Увы, судьба не пожелала исполнить эту скромную мечту. В тот миг, когда Гоген нашел подходящую для себя обстановку и был в расцвете творческих сил, ему изменило здоровье. К недомоганию, связанному с ногой, и экземе прибавилось внезапное ухудшение общего состояния. Многолетние лишения и беспорядочный образ жизни, а также болезнь подорвали организм. Он страдает от сердечных приступов, портится зрение. Нога все время болит, на давая спать. Чтобы заглушить боль и забыться, Гоген прибегает к морфию и алкоголю. Недавно нашли его книги расходов; из них видно, что в одном лишь 1902 году он выпил 224 литра красного вина, 32 литра абсента, 55 литров рома, 3 бутылки виски и 96 бутылок пива. Пусть ему помогали в этом маркизские друзья, все равно цифры изрядные.

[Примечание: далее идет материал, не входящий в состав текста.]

lemma graded_submoduleD:
  assumes "graded_submodule A N M"
  shows "N \<subseteq> M" and "(\<lambda>_. 0) \<in> N"
    and "f \<in> N \<Longrightarrow> g \<in> N \<Longrightarrow> (\<lambda>m. f m + g m) \<in> N"
    and "f \<in> N \<Longrightarrow> (\<lambda>m. c * f m) \<in> N"
    and "P \<in> DRA A \<Longrightarrow> f \<in> N \<Longrightarrow> act P f \<in> N"
    and "f \<in> N \<Longrightarrow> (\<lambda>m. f a * laurent_monomial a m) \<in> N"
  using assms unfolding graded_submodule_def mult_laurent_monomial by blast+

lemma graded_submodule_span_monomials_semigroup:
  assumes "semigroup_gen A \<subseteq> S"
  shows "graded_submodule A (span_monomials (semigroup_gen A)) (span_monomials S)"
  unfolding graded_submodule_def
proof (intro conjI ballI allI)
  show "span_monomials (semigroup_gen A) \<subseteq> span_monomials S"
    using assms unfolding span_monomials_def by auto
  show "(\<lambda>_. 0) \<in> span_monomials (semigroup_gen A)"
    unfolding span_monomials_def laurent_def by simp
next
  fix f g assume "f \<in> span_monomials (semigroup_gen A)" "g \<in> span_monomials (semigroup_gen A)"
  moreover have "{m. f m + g m \<noteq> 0} \<subseteq> {m. f m \<noteq> 0} \<union> {m. g m \<noteq> 0}" by auto
  ultimately show "(\<lambda>m. f m + g m) \<in> span_monomials (semigroup_gen A)"
    unfolding span_monomials_def laurent_def by (auto elim: finite_subset simp del: Collect_disj_eq)
next
  fix c f assume "f \<in> span_monomials (semigroup_gen A)"
  moreover have "{m. c * f m \<noteq> 0} \<subseteq> {m. f m \<noteq> 0}" by auto
  ultimately show "(\<lambda>m. c * f m) \<in> span_monomials (semigroup_gen A)"
    unfolding span_monomials_def laurent_def by (auto elim: finite_subset)
next
  fix P f assume "P \<in> DRA A" "f \<in> span_monomials (semigroup_gen A)"
  then show "act P f \<in> span_monomials (semigroup_gen A)" unfolding DRA_def by blast
next
  fix f a assume "f \<in> span_monomials (semigroup_gen A)"
  then show "(\<lambda>m. if m = a then f a else 0) \<in> span_monomials (semigroup_gen A)"
    unfolding span_monomials_def laurent_def by auto
qed

lemma span_monomials_subset_graded_submodule:
  assumes N: "graded_submodule A N M" and monomials: "\<And>b. b \<in> S \<Longrightarrow> laurent_monomial b \<in> N"
  shows "span_monomials S \<subseteq> N"
proof
  have sum_in: "(\<lambda>m. \<Sum>b\<in>F. c b * laurent_monomial b m) \<in> N" if "finite F" "F \<subseteq> S" for F c
    using that
  proof (induction F rule: finite_induct)
    case empty
    then show ?case using graded_submoduleD(2)[OF N] by simp
  next
    case (insert b F)
    then have "(\<lambda>m. c b * laurent_monomial b m + (\<Sum>b\<in>F. c b * laurent_monomial b m)) \<in> N"
      by (intro graded_submoduleD(3,4)[OF N] monomials) auto
    then show ?case using insert by simp
  qed
  fix f assume "f \<in> span_monomials S"
  then have "finite {m. f m \<noteq> 0}" "{m. f m \<noteq> 0} \<subseteq> S"
    unfolding span_monomials_def laurent_def by auto
  moreover have "(\<lambda>m. \<Sum>b\<in>{m. f m \<noteq> 0}. f b * laurent_monomial b m) = f"
    using calculation(1) by (auto simp: mult_laurent_monomial sum.delta')
  ultimately show "f \<in> N" using sum_in by metis
qed

lemma graded_submodule_eq_if_unit:
  assumes N: "graded_submodule A N (span_monomials (semigroup_gen A))"
    and "laurent_monomial 0 \<in> N"
  shows "N = span_monomials (semigroup_gen A)"
proof -
  have "laurent_monomial b \<in> N" if "b \<in> semigroup_gen A" for b
  proof -
    \<comment> \<open>multiplication by \<open>t\<^sup>b\<close>\<close>
    obtain P where P: "P \<in> diffops" "\<forall>h n. act P h n = 1 * h (n + - b)"
      using lattice_poly_imp_diffop[OF lattice_poly_const[of 1]] by blast
    have "P \<in> DRA A"
      by (rule diffop_in_DRA[OF P(1), where g = "\<lambda>_. 1" and a = "- b"])
        (use P(2) that semigroup_gen_add in auto)
    then have "act P (laurent_monomial 0) \<in> N"
      using graded_submoduleD(5)[OF N] assms(2) by blast
    moreover have "act P (laurent_monomial 0) = laurent_monomial b"
      using P(2) by (auto simp: laurent_monomial_def)
    ultimately show ?thesis by simp
  qed
  then show ?thesis
    using span_monomials_subset_graded_submodule[OF N] graded_submoduleD(1)[OF N] by blast
qed
lemma ellipsoid_subset_l1_ball_centered:
  fixes Z :: "real^'n^'n"
  assumes sub: "ellipsoid Z h \<subseteq> l1_ball"
    and ZZt: "Z ** transpose Z = (1 / CARD('n)) *\<^sub>R mat 1"
  shows "h = 0"
proof -
  have "norm (transpose Z *v s) = 1" if "s \<in> sign_vectors" for s
  proof -
    have "(transpose Z *v s) \<bullet> (transpose Z *v s) = s \<bullet> ((Z ** transpose Z) *v s)"
      by (simp only: inner_transpose_mult matrix_vector_mul_assoc)
    also have "\<dots> = 1"
      using that by (simp add: ZZt inner_sign_vector_self flip: matrix_scaleR_vector_ac)
    finally show ?thesis
      by (simp add: norm_eq_sqrt_inner)
  qed
  then have "s \<bullet> h \<le> 0" if "s \<in> sign_vectors" for s
    using ellipsoid_subset_l1_ball_inner_le [OF sub that] that by fastforce
  moreover obtain s where "s \<in> sign_vectors" and "s \<bullet> h = (\<Sum>i\<in>UNIV. \<bar>h $ i\<bar>)"
    using ex_sign_vector_inner_eq_l1_norm by blast
  ultimately have "(\<Sum>i\<in>UNIV. \<bar>h $ i\<bar>) = 0"
    by (metis order_antisym sum_nonneg abs_ge_zero)
  then show "h = 0"
    by (simp add: sum_nonneg_eq_0_iff vec_eq_iff)
qed

lemma ellipsoid_scaled_identity_subset_l1_ball:
  "ellipsoid ((1 / sqrt CARD('n)) *\<^sub>R mat 1) 0 \<subseteq> (l1_ball :: (real^'n) set)"
proof
  fix y :: "real^'n"
  assume "y \<in> ellipsoid ((1 / sqrt CARD('n)) *\<^sub>R mat 1) 0"
  then obtain u :: "real^'n" where u: "norm u \<le> 1" and y: "y = (1 / sqrt CARD('n)) *\<^sub>R u"
    by (auto simp: ellipsoid_def simp flip: matrix_scaleR_vector_ac)
  have "s \<bullet> y \<le> 1" if "s \<in> sign_vectors" for s
  proof -
    have "s \<bullet> u \<le> norm s * norm u"
      by (rule norm_cauchy_schwarz)
    also have "\<dots> \<le> sqrt CARD('n)"
      using u that by (simp add: norm_eq_sqrt_inner inner_sign_vector_self mult_left_le)
    finally show ?thesis
      by (simp add: y divide_le_eq_1 [symmetric])
  qed
  then show "y \<in> l1_ball"
    by (simp add: l1_ball_eq_Inter_halfspaces)
qed

lemma psd_matrix_scaled_identity: "0 \<le> c \<Longrightarrow> psd_matrix (c *\<^sub>R (mat 1 :: real^'n^'n))"
  by (simp add: psd_matrix_def transpose_scalar flip: matrix_scaleR_vector_ac)
lemma basis_vec_is_chain_word:
  assumes pn: "p + 2 < n" and qp: "q \<le> p" and t: "t < n"
  shows "is_word (sc_mult n (chain_alg p q)) (basis_vec 0 :: nat \<Rightarrow> 'a::field) (chain_gens n p)
    (basis_vec t) (chain_weight p q t)"
proof -
  let ?word = "is_word (sc_mult n (chain_alg p q)) (basis_vec 0 :: nat \<Rightarrow> 'a) (chain_gens n p)"
  have square: "?word (basis_vec t) (2 ^ (t - 1))" if "1 \<le> t" "t \<le> p + 1" for t
    using that
  proof (induction t rule: nat_induct_at_least)
    case base
    show ?case using is_word.word_gen[of "basis_vec 1" "chain_gens n p"] by (simp add: chain_gens_def)
  next
    case (Suc t)
    then have "?word (sc_mult n (chain_alg p q) (basis_vec t) (basis_vec t)) (2 ^ (t - 1) + 2 ^ (t - 1))"
      by (intro is_word.word_mult) auto
    then show ?case
      using Suc pn qp by (simp add: basis_vec_mult_chain_alg flip: mult_2 power_Suc)
  qed
  consider "t = 0" | "1 \<le> t" "t \<le> p + 1" | "t = p + 2" | "p + 3 \<le> t" by linarith
  then show ?thesis
  proof cases
    case 1
    then show ?thesis by (simp add: chain_weight_def is_word.word_one)
  next
    case 2
    then show ?thesis using square by (simp add: chain_weight_def)
  next
    case 3
    have "?word (basis_vec (q + 1)) (2 ^ q)" "?word (basis_vec (p + 1)) (2 ^ p)"
      using square[of "q + 1"] square[of "p + 1"] qp by simp_all
    then have "?word (sc_mult n (chain_alg p q) (basis_vec (q + 1)) (basis_vec (p + 1))) (2 ^ q + 2 ^ p)"
      by (intro is_word.word_mult) auto
    moreover have "sc_mult n (chain_alg p q) (basis_vec (q + 1)) (basis_vec (p + 1)) =
        (basis_vec (p + 2) :: nat \<Rightarrow> 'a)"
      using pn qp by (simp add: basis_vec_mult_chain_alg)
    ultimately show ?thesis
      using 3 by (simp add: chain_weight_def add.commute)
  next
    case 4
    then show ?thesis
      using t is_word.word_gen[of "basis_vec t" "chain_gens n p"] by (simp add: chain_gens_def chain_weight_def)
  qed
qed

lemma chain_gens_set_length:
  assumes pn: "p + 2 < n" and qp: "q \<le> p"
  shows "generating_set n (chain_alg p q) (basis_vec 0 :: nat \<Rightarrow> 'a::field) (chain_gens n p)"
    and "set_length n (chain_alg p q) (basis_vec 0 :: nat \<Rightarrow> 'a) (chain_gens n p) = 2 ^ p + 2 ^ q"
proof -
  let ?L = "L_words n (chain_alg p q) (basis_vec 0 :: nat \<Rightarrow> 'a) (chain_gens n p)"
  let ?m = "2 ^ p + 2 ^ q :: nat"
  have e: "basis_vec 0 \<in> vecs n" and S: "chain_gens n p \<subseteq> vecs n"
    using pn by (auto simp: chain_gens_def basis_vec_in_vecs)
  have "basis_vec t \<in> ?L ?m" if "t < n" for t
    using basis_vec_is_chain_word[OF pn qp that] chain_weight_le[OF qp] by (rule is_word_in_L_words)
  then have "vecs n \<subseteq> ?L ?m"
    unfolding vecs_eq_span_basis_vec by (intro cvec.span_minimal) (auto simp: L_words_eq_span)
  then have L_m: "?L ?m = vecs n"
    using L_words_subset_vecs[OF e S] by blast
  then show "generating_set n (chain_alg p q) (basis_vec 0 :: nat \<Rightarrow> 'a) (chain_gens n p)"
    using e S by (intro generating_setI) (auto simp: chain_gens_def)
  have "?L (?m - 1) \<subseteq> {x. x (p + 2) = 0}"
    unfolding L_words_eq_span
  proof (intro cvec.span_minimal)
    show "cvec.subspace {x :: nat \<Rightarrow> 'a. x (p + 2) = 0}"
      by (simp add: cvec.subspace_def)
    show "{w. \<exists>k\<le>?m - 1. is_word (sc_mult n (chain_alg p q)) (basis_vec 0) (chain_gens n p) w k}
      \<subseteq> {x. x (p + 2) = 0}"
    proof clarify
      fix w k
      assume k: "k \<le> ?m - 1" and w: "is_word (sc_mult n (chain_alg p q)) (basis_vec 0) (chain_gens n p) w k"
      have "0 < ?m"
        by simp
      with k have "k < ?m"
        by linarith
      then have "k \<noteq> chain_weight p q (p + 2)"
        by (simp add: chain_weight_def)
      with chain_gens_word_cases[OF pn qp w] show "w (p + 2) = 0"
        by (auto simp: basis_vec_def)
    qed
  qed
  moreover have "basis_vec (p + 2) \<in> vecs n"
    using pn by (simp add: basis_vec_in_vecs)
  moreover have "basis_vec (p + 2) (p + 2) \<noteq> (0 :: 'a)"
    by (simp add: basis_vec_def)
  ultimately have "?L (?m - 1) \<noteq> vecs n"
    by blast
  with L_m show "set_length n (chain_alg p q) (basis_vec 0 :: nat \<Rightarrow> 'a) (chain_gens n p) = ?m"
    by (rule set_length_eqI)
qed

lemma chain_set_length_le:
  assumes pn: "p + 2 < n" and qp: "q \<le> p"
    and gen: "generating_set n (chain_alg p q) (basis_vec 0 :: nat \<Rightarrow> 'a::field) S"
  shows "set_length n (chain_alg p q) (basis_vec 0) S \<le> 2 ^ p + 2 ^ q"
proof -
  let ?c = "chain_alg p q :: nat \<Rightarrow> nat \<Rightarrow> nat \<Rightarrow> 'a" and ?e = "basis_vec 0 :: nat \<Rightarrow> 'a"
  let ?m = "2 ^ p + 2 ^ q :: nat"
  define S' where "S' = (\<lambda>s. s - (\<lambda>k. s 0 * ?e k)) ` S"
  have unit: "is_unit n ?c ?e"
    by (rule is_unit_chain_alg[OF pn qp])
  then have e: "?e \<in> vecs n"
    by (simp add: is_unit_def)
  have S: "S \<subseteq> vecs n"
    using gen by (simp add: generating_set_def)
  then have S': "S' \<subseteq> vecs n"
    using e by (auto simp: S'_def vecs_def)
  have "L_words n ?c ?e S' k = L_words n ?c ?e S k" for k
  proof (rule antisym; rule L_words_unit_shift[OF unit])
    fix t assume "t \<in> S'"
    then obtain s where "s \<in> S" and "t = s + (\<lambda>k. (- s 0) * ?e k)"
      by (auto simp: S'_def fun_eq_iff)
    then show "\<exists>s\<in>S. \<exists>\<alpha>. t = s + (\<lambda>k. \<alpha> * ?e k)"
      by blast
  next
    fix s assume "s \<in> S"
    then have "s - (\<lambda>k. s 0 * ?e k) \<in> S'" and "s = (s - (\<lambda>k. s 0 * ?e k)) + (\<lambda>k. s 0 * ?e k)"
      by (simp_all add: S'_def)
    then show "\<exists>t\<in>S'. \<exists>\<alpha>. s = t + (\<lambda>k. \<alpha> * ?e k)"
      by blast
  qed (fact S S')+
  moreover have "\<forall>s\<in>S'. s 0 = 0"
    by (simp add: S'_def basis_vec_def)
  then have "L_words n ?c ?e S' k \<subseteq> L_words n ?c ?e S' ?m" for k
    using chain_long_word_eq_0[OF pn qp] by (intro L_words_subset_if_long_words_vanish) blast
  ultimately have "w \<in> L_words n ?c ?e S ?m" if "is_word (sc_mult n ?c) ?e S w k" for w k
    using is_word_in_L_words[OF that order_refl] by blast
  with gen e show ?thesis
    by (rule set_length_le)
qed

theorem proposition4p4:
  fixes n p q :: nat
  assumes "n > 4" and "2 \<le> p" and "p \<le> n - 3" and "q \<le> p"
  shows "\<exists>(c :: nat \<Rightarrow> nat \<Rightarrow> nat \<Rightarrow> 'a::field) e.
           is_unit n c e \<and> algebra_length_is n c e (2 ^ p + 2 ^ q)"
proof -
  have pn: "p + 2 < n" and qp: "q \<le> p"
    using assms by linarith+
  have "algebra_length_is n (chain_alg p q) (basis_vec 0 :: nat \<Rightarrow> 'a) (2 ^ p + 2 ^ q)"
    unfolding algebra_length_is_def
    using chain_gens_set_length[OF pn qp] chain_set_length_le[OF pn qp] by blast
  with is_unit_chain_alg[OF pn qp] show ?thesis
    by blast
qed
(* Let $\mathbb{F}$ be an infinite field with $\operatorname{char}(\mathbb{F})\neq 2$ and let $G$ be a non-abelian group with a group involution $\ast$ and a non-trivial orientation $\sigma:G\to\{\pm1\}$ such that $gg^\ast\in N=\ker\sigma$ for all $g\in G$. Suppose $\mathbb{F}G$ is normal with respect to the oriented involution $\circledast$ and that $N$, with the restriction of $\ast$, is an SLC-group with unique non-identity commutator $s$. Then $G$ is an LC-group and $\ast$ is given by $g^\ast=g$ if $g\in N\cap\zeta(G)$ or $g\in(G\setminus N)\setminus\zeta(G)$, and $g^\ast=sg$ otherwise.
   Context: A group involution on $G$ is a map $\ast:G\to G$ with $(gh)^\ast=h^\ast g^\ast$ and $(g^\ast)^\ast=g$. An orientation is a group homomorphism $\sigma:G\to\{\pm1\}$. The oriented involution is $(\sum_g\alpha_g g)^\circledast=\sum_g\alpha_g\sigma(g)g^\ast$ on $\mathbb{F}G$. $\mathbb{F}G$ is normal if $\alpha\alpha^\circledast=\alpha^\circledast\alpha$ for all $\alpha\in\mathbb{F}G$. $\zeta(G)$ is the center of $G$, $(g,h)=g^{-1}h^{-1}gh$. A group $H$ is an LC-group if it is non-abelian and for all $g,h\in H$: $gh=hg$ iff at least one of $g,h,gh$ is in $\zeta(H)$. $H$ with involution $\ast$ is an SLC-group if it is an LC-group with a unique non-identity commutator $s$ (i.e. $\{(g,h):g,h\in H\}=\{1,s\}$) and $h^\ast=h$ for $h\in\zeta(H)$, $h^\ast=sh$ for $h\notin\zeta(H)$. *)

theory Defs
  imports "HOL-Algebra.Group"
begin

definition group_involution :: "('g, 'b) monoid_scheme \<Rightarrow> ('g \<Rightarrow> 'g) \<Rightarrow> bool" where
  "group_involution G iv \<longleftrightarrow>
     (\<forall>g\<in>carrier G. iv g \<in> carrier G) \<and>
     (\<forall>g\<in>carrier G. \<forall>h\<in>carrier G. iv (g \<otimes>\<^bsub>G\<^esub> h) = iv h \<otimes>\<^bsub>G\<^esub> iv g) \<and>
     (\<forall>g\<in>carrier G. iv (iv g) = g)"

definition orientation :: "('g, 'b) monoid_scheme \<Rightarrow> ('g \<Rightarrow> int) \<Rightarrow> bool" where
  "orientation G \<sigma> \<longleftrightarrow>
     (\<forall>g\<in>carrier G. \<sigma> g = 1 \<or> \<sigma> g = -1) \<and>
     (\<forall>g\<in>carrier G. \<forall>h\<in>carrier G. \<sigma> (g \<otimes>\<^bsub>G\<^esub> h) = \<sigma> g * \<sigma> h)"

definition orient_kernel :: "('g, 'b) monoid_scheme \<Rightarrow> ('g \<Rightarrow> int) \<Rightarrow> 'g set" where
  "orient_kernel G \<sigma> = {g \<in> carrier G. \<sigma> g = 1}"

definition grp_center :: "('g, 'b) monoid_scheme \<Rightarrow> 'g set" where
  "grp_center G = {g \<in> carrier G. \<forall>h\<in>carrier G. g \<otimes>\<^bsub>G\<^esub> h = h \<otimes>\<^bsub>G\<^esub> g}"

definition grp_comm :: "('g, 'b) monoid_scheme \<Rightarrow> 'g \<Rightarrow> 'g \<Rightarrow> 'g" where
  "grp_comm G g h = inv\<^bsub>G\<^esub> g \<otimes>\<^bsub>G\<^esub> inv\<^bsub>G\<^esub> h \<otimes>\<^bsub>G\<^esub> g \<otimes>\<^bsub>G\<^esub> h"

definition non_abelian :: "('g, 'b) monoid_scheme \<Rightarrow> bool" where
  "non_abelian G \<longleftrightarrow> (\<exists>g\<in>carrier G. \<exists>h\<in>carrier G. g \<otimes>\<^bsub>G\<^esub> h \<noteq> h \<otimes>\<^bsub>G\<^esub> g)"

definition LC_group :: "('g, 'b) monoid_scheme \<Rightarrow> bool" where
  "LC_group H \<longleftrightarrow> non_abelian H \<and>
     (\<forall>g\<in>carrier H. \<forall>h\<in>carrier H.
        g \<otimes>\<^bsub>H\<^esub> h = h \<otimes>\<^bsub>H\<^esub> g \<longleftrightarrow>
        (g \<in> grp_center H \<or> h \<in> grp_center H \<or> g \<otimes>\<^bsub>H\<^esub> h \<in> grp_center H))"

definition SLC_group :: "('g, 'b) monoid_scheme \<Rightarrow> ('g \<Rightarrow> 'g) \<Rightarrow> 'g \<Rightarrow> bool" where
  "SLC_group H star s \<longleftrightarrow>
     group_involution H star \<and> LC_group H \<and> s \<noteq> \<one>\<^bsub>H\<^esub> \<and>
     {grp_comm H g h | g h. g \<in> carrier H \<and> h \<in> carrier H} = {\<one>\<^bsub>H\<^esub>, s} \<and>
     (\<forall>h\<in>carrier H. star h = (if h \<in> grp_center H then h else s \<otimes>\<^bsub>H\<^esub> h))"

definition grp_alg :: "('g, 'b) monoid_scheme \<Rightarrow> ('g \<Rightarrow> 'f::field) set" where
  "grp_alg G = {a. finite {g. a g \<noteq> 0} \<and> (\<forall>g. g \<notin> carrier G \<longrightarrow> a g = 0)}"

definition grp_alg_mult :: "('g, 'b) monoid_scheme \<Rightarrow> ('g \<Rightarrow> 'f::field) \<Rightarrow> ('g \<Rightarrow> 'f) \<Rightarrow> 'g \<Rightarrow> 'f" where
  "grp_alg_mult G a b = (\<lambda>x. if x \<in> carrier G
      then (\<Sum>g\<in>{g. a g \<noteq> 0}. a g * b (inv\<^bsub>G\<^esub> g \<otimes>\<^bsub>G\<^esub> x)) else 0)"

text \<open>Oriented involution: (sum a_g g) \<mapsto> sum a_g \<sigma>(g) g*; the coefficient at x is a_(x*) \<sigma>(x*).\<close>
definition oriented_inv :: "('g, 'b) monoid_scheme \<Rightarrow> ('g \<Rightarrow> int) \<Rightarrow> ('g \<Rightarrow> 'g) \<Rightarrow> ('g \<Rightarrow> 'f::field) \<Rightarrow> 'g \<Rightarrow> 'f" where
  "oriented_inv G \<sigma> star a = (\<lambda>x. if x \<in> carrier G then of_int (\<sigma> (star x)) * a (star x) else 0)"

definition grp_alg_normal :: "'f::field itself \<Rightarrow> ('g, 'b) monoid_scheme \<Rightarrow> ('g \<Rightarrow> int) \<Rightarrow> ('g \<Rightarrow> 'g) \<Rightarrow> bool" where
  "grp_alg_normal TYPE('f) G \<sigma> star \<longleftrightarrow>
     (\<forall>a \<in> (grp_alg G :: ('g \<Rightarrow> 'f) set).
        grp_alg_mult G a (oriented_inv G \<sigma> star a) = grp_alg_mult G (oriented_inv G \<sigma> star a) a)"

end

Взаимоотношения Гогена с епископом и миссионерами быстро портятся. Хотя но происхождению он католик, он ннкогда не был настоящим верующим, и ему наплевать на мнение святых отцов о его поведении. Кстати, у них есть основания прийти в ужас, так как Гоген ведет себя, мягко выражаясь, экстравагантно. Чаще всего он появляется в синей набедренной повязке, зеленой рубашке и зеленом берете. По деревне разъезжает только в коляске, с островитянами вежливо здоровается, а миссионеров, врача и жандарма точно не замечает. Особенно возмущает епископа вольное обращение Гогена с женщинами. «Здешние женщины легко доступны… достаточно одного взгляда и апельсина. Цена апельсинов один-два франка штука, можно не скупиться», — цинично замечает Гоген. И берет себе в подруги четырнадцатилетнюю Марию Розу Ваеохо, уговорив родителей забрать ее из миссионерской школы. Не только любовь побудила Ваеохо прийти к пятидесятитрехлетнему художнику; это видно хотя бы из того, что в качестве «свадебного подарка» она получила тридцать один метр ткани и швейную машину… (Вероятно, большая часть подарка досталась родителям.) Епископ разгневан, но художник глух ко всем увещеваниям. Он вырезает из дерева дьявола с лицом епископа и ставит на столб у своей калитки. Второй столб украшает скульптурным изображением юной миловидной островитянки, которая служит в доме епископа. Все многозначительно посмеиваются, глядя на эти фигуры.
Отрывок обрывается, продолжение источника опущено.